§ EXERCISE
Extract all lines in the data that contain the word "bound".

§ DATASET RECORDS
★ ★ ★ ★

lemma Phi_sum_minimizer_eq:
  fixes s T u0 :: real
  assumes s: "s > 1"
    and min: "\<And>u. Phi (- u0) + Phi (s * u0 - T) \<le> Phi (- u) + Phi (s * u - T)"
  shows "u0 = (T * s - sqrt (T\<^sup>2 + 2 * (s\<^sup>2 - 1) * ln s)) / (s\<^sup>2 - 1)"
proof -
  define D where "D = sqrt (T\<^sup>2 + 2 * (s\<^sup>2 - 1) * ln s)"
  define lo where "lo = (T * s - D) / (s\<^sup>2 - 1)"
  define hi where "hi = (T * s + D) / (s\<^sup>2 - 1)"
  define E where "E u = (s * u - T)\<^sup>2 - u\<^sup>2 - 2 * ln s" for u
  define g where "g u = Phi (- u) + Phi (s * u - T)" for u
  have s2: "s\<^sup>2 - 1 > 0" using s by (simp add: power2_eq_square less_1_mult)
  have "D \<ge> 0" using s2 s by (simp add: D_def)
  then have "lo \<le> hi" using s2 by (simp add: lo_def hi_def divide_right_mono)
  have E: "E u = (s\<^sup>2 - 1) * (u - lo) * (u - hi)" for u
    unfolding E_def lo_def hi_def D_def using s by (rule square_shift_diff_factor)
  have dg: "(g has_real_derivative std_normal_density u * (exp (- E u / 2) - 1)) (at u)" for u
    unfolding g_def E_def using s by (intro has_real_derivative_Phi_sum) simp
  have "std_normal_density u0 * (exp (- E u0 / 2) - 1) = 0"
    using dg by (rule DERIV_local_min[of _ _ _ 1]) (auto simp: g_def min)
  then have "E u0 = 0" using normal_density_pos[of 1 0 u0] by simp
  then have "u0 = lo \<or> u0 = hi" using s2 by (simp add: E)
  moreover have "u0 \<noteq> hi" \<comment> \<open>to the right of the larger root g decreases\<close>
  proof
    assume "u0 = hi"
    have "g (u0 + 1) < g u0"
    proof (rule DERIV_neg_imp_decreasing_open[of u0 "u0 + 1" g])
      fix u assume "u0 < u" "u < u0 + 1"
      then have "E u > 0" using \<open>u0 = hi\<close> \<open>lo \<le> hi\<close> s2 by (simp add: E)
      then have "std_normal_density u * (exp (- E u / 2) - 1) < 0"
        using normal_density_pos[of 1 0 u] by (simp add: mult_pos_neg)
      with dg show "\<exists>y. (g has_real_derivative y) (at u) \<and> y < 0" by blast
    next
      show "continuous_on {u0..u0 + 1} g"
        using dg by (intro has_real_derivative_imp_continuous_on) blast
    qed simp
    moreover have "g u0 \<le> g (u0 + 1)" unfolding g_def by (rule min)
    ultimately show False by simp
  qed
  ultimately show ?thesis by (simp add: lo_def D_def)
qed

(* The value of (b + P w)/sg at the optimal bias, written with A = 2 sqrt d sg / (sg^2 - 1) and the
   margin c = (1 + alpha) eta/2 - eps; the closed form of the theorem is Phi (- opt_margin A sg c). *)
definition opt_margin :: "real \<Rightarrow> real \<Rightarrow> real \<Rightarrow> real" where
  "opt_margin A s c = A * c - sqrt ((A / s)\<^sup>2 * c\<^sup>2 + 2 * ln s / (s\<^sup>2 - 1))"

lemma Phi_sum_minimizer_eq_opt_margin:
  fixes r c s :: real
  assumes s: "s > 1"
  shows "(2 * r * c * s - sqrt ((2 * r * c)\<^sup>2 + 2 * (s\<^sup>2 - 1) * ln s)) / (s\<^sup>2 - 1)
    = opt_margin (2 * r * s / (s\<^sup>2 - 1)) s c"
proof -
  define k where "k = s\<^sup>2 - 1"
  have k: "k > 0" using s by (simp add: k_def power2_eq_square less_1_mult)
  have "((2 * r * s / k) / s)\<^sup>2 * c\<^sup>2 + 2 * ln s / k = ((2 * r * c)\<^sup>2 + 2 * k * ln s) / k\<^sup>2"
    using k s by (simp add: field_simps power2_eq_square)
  then have "sqrt (((2 * r * s / k) / s)\<^sup>2 * c\<^sup>2 + 2 * ln s / k) = sqrt ((2 * r * c)\<^sup>2 + 2 * k * ln s) / k"
    using k by (simp add: real_sqrt_divide)
  then show ?thesis
    using k by (simp add: opt_margin_def k_def[symmetric] diff_divide_distrib mult.commute mult.left_commute)
qed

lemma strict_mono_opt_margin:
  assumes A: "A > 0" and s: "s > 1"
  shows "strict_mono (opt_margin A s)"
proof (rule strict_monoI)
  fix c1 c2 :: real assume "c1 < c2"
  define K where "K = 2 * ln s / (s\<^sup>2 - 1)"
  have "K \<ge> 0" using s by (simp add: K_def power2_eq_square less_1_mult less_imp_le)
  have "A / s * c1 + A / s * (c2 - c1) = A / s * c2" by (simp only: distrib_left[symmetric]) simp
  moreover have "sqrt ((A / s * (c2 - c1))\<^sup>2 + 0\<^sup>2) = A / s * (c2 - c1)"
    using A s \<open>c1 < c2\<close> by simp
  moreover have "(sqrt K + 0)\<^sup>2 = K" "(sqrt K)\<^sup>2 = K" using \<open>K \<ge> 0\<close> by simp_all
  ultimately have "sqrt ((A / s * c2)\<^sup>2 + K) \<le> sqrt ((A / s * c1)\<^sup>2 + K) + A / s * (c2 - c1)"
    using real_sqrt_sum_squares_triangle_ineq[of "A / s * c1" "A / s * (c2 - c1)" "sqrt K" 0]
    by simp
  then have "sqrt ((A / s)\<^sup>2 * c2\<^sup>2 + K) \<le> sqrt ((A / s)\<^sup>2 * c1\<^sup>2 + K) + A / s * (c2 - c1)"
    by (simp only: power_mult_distrib)
  moreover have "A / s * (c2 - c1) < A * (c2 - c1)"
    using A s \<open>c1 < c2\<close> by (simp add: divide_less_eq)
  ultimately show "opt_margin A s c1 < opt_margin A s c2"
    by (simp add: opt_margin_def K_def algebra_simps)
qed

lemma optimal_pos_err_eq:
  fixes P Q :: "'w \<Rightarrow> real"
  assumes s: "s > 1" and w0: "w0 \<in> W" and w: "w \<in> W"
    and bound: "\<And>v. v \<in> W \<Longrightarrow> P v \<le> P w0 \<and> Q v \<le> Q w0"
    and opt: "\<And>v b'. v \<in> W \<Longrightarrow>
      Phi ((- b - P w) / s) + Phi (b - Q w) \<le> Phi ((- b' - P v) / s) + Phi (b' - Q v)"
    and T: "P w0 + Q w0 = 2 * r * c"
  shows "Phi ((- b - P w) / s) = Phi (- opt_margin (2 * r * s / (s\<^sup>2 - 1)) s c)"
proof -
  have s0: "s > 0" using s by simp
  have PQ: "P w = P w0 \<and> Q w = Q w0"
  proof (rule ccontr)
    assume ne: "\<not> (P w = P w0 \<and> Q w = Q w0)"
    have le: "(- b - P w0) / s \<le> (- b - P w) / s" "b - Q w0 \<le> b - Q w"
      using bound[OF w] s0 by (simp_all add: divide_right_mono)
    have "(- b - P w0) / s < (- b - P w) / s \<or> b - Q w0 < b - Q w"
      using bound[OF w] ne s0 by (auto simp: divide_strict_right_mono)
    then have "Phi ((- b - P w0) / s) + Phi (b - Q w0) < Phi ((- b - P w) / s) + Phi (b - Q w)"
      using le by (auto intro: add_less_le_mono add_le_less_mono)
    with opt[OF w0, of b] show False by simp
  qed
  let ?T = "P w0 + Q w0"
  have neg: "(- b - P w) / s = - ((b + P w0) / s)" using PQ by (simp add: minus_divide_left)
  have "Phi (- ((b + P w0) / s)) + Phi (s * ((b + P w0) / s) - ?T) \<le> Phi (- u) + Phi (s * u - ?T)" for u
  proof -
    have "b - Q w = s * ((b + P w0) / s) - ?T"
      "(- (s * u - P w0) - P w0) / s = - u" "s * u - P w0 - Q w0 = s * u - ?T"
      using PQ s0 by (simp_all add: field_simps)
    then show ?thesis using opt[OF w0, of "s * u - P w0"] by (simp only: neg)
  qed
  then have "(b + P w0) / s = (?T * s - sqrt (?T\<^sup>2 + 2 * (s\<^sup>2 - 1) * ln s)) / (s\<^sup>2 - 1)"
    by (rule Phi_sum_minimizer_eq[OF s])
  then have "(b + P w0) / s = opt_margin (2 * r * s / (s\<^sup>2 - 1)) s c"
    using Phi_sum_minimizer_eq_opt_margin[OF s, of r c] by (simp add: T mult.assoc)
  then show ?thesis by (simp only: neg)
qed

★ ★ ★ ★

§ RESPONSE TO THE TASK
    and bound: "\<And>v. v \<in> W \<Longrightarrow> P v \<le> P w0 \<and> Q v \<le> Q w0"
      using bound[OF w] s0 by (simp_all add: divide_right_mono)
      using bound[OF w] ne s0 by (auto simp: divide_strict_right_mono)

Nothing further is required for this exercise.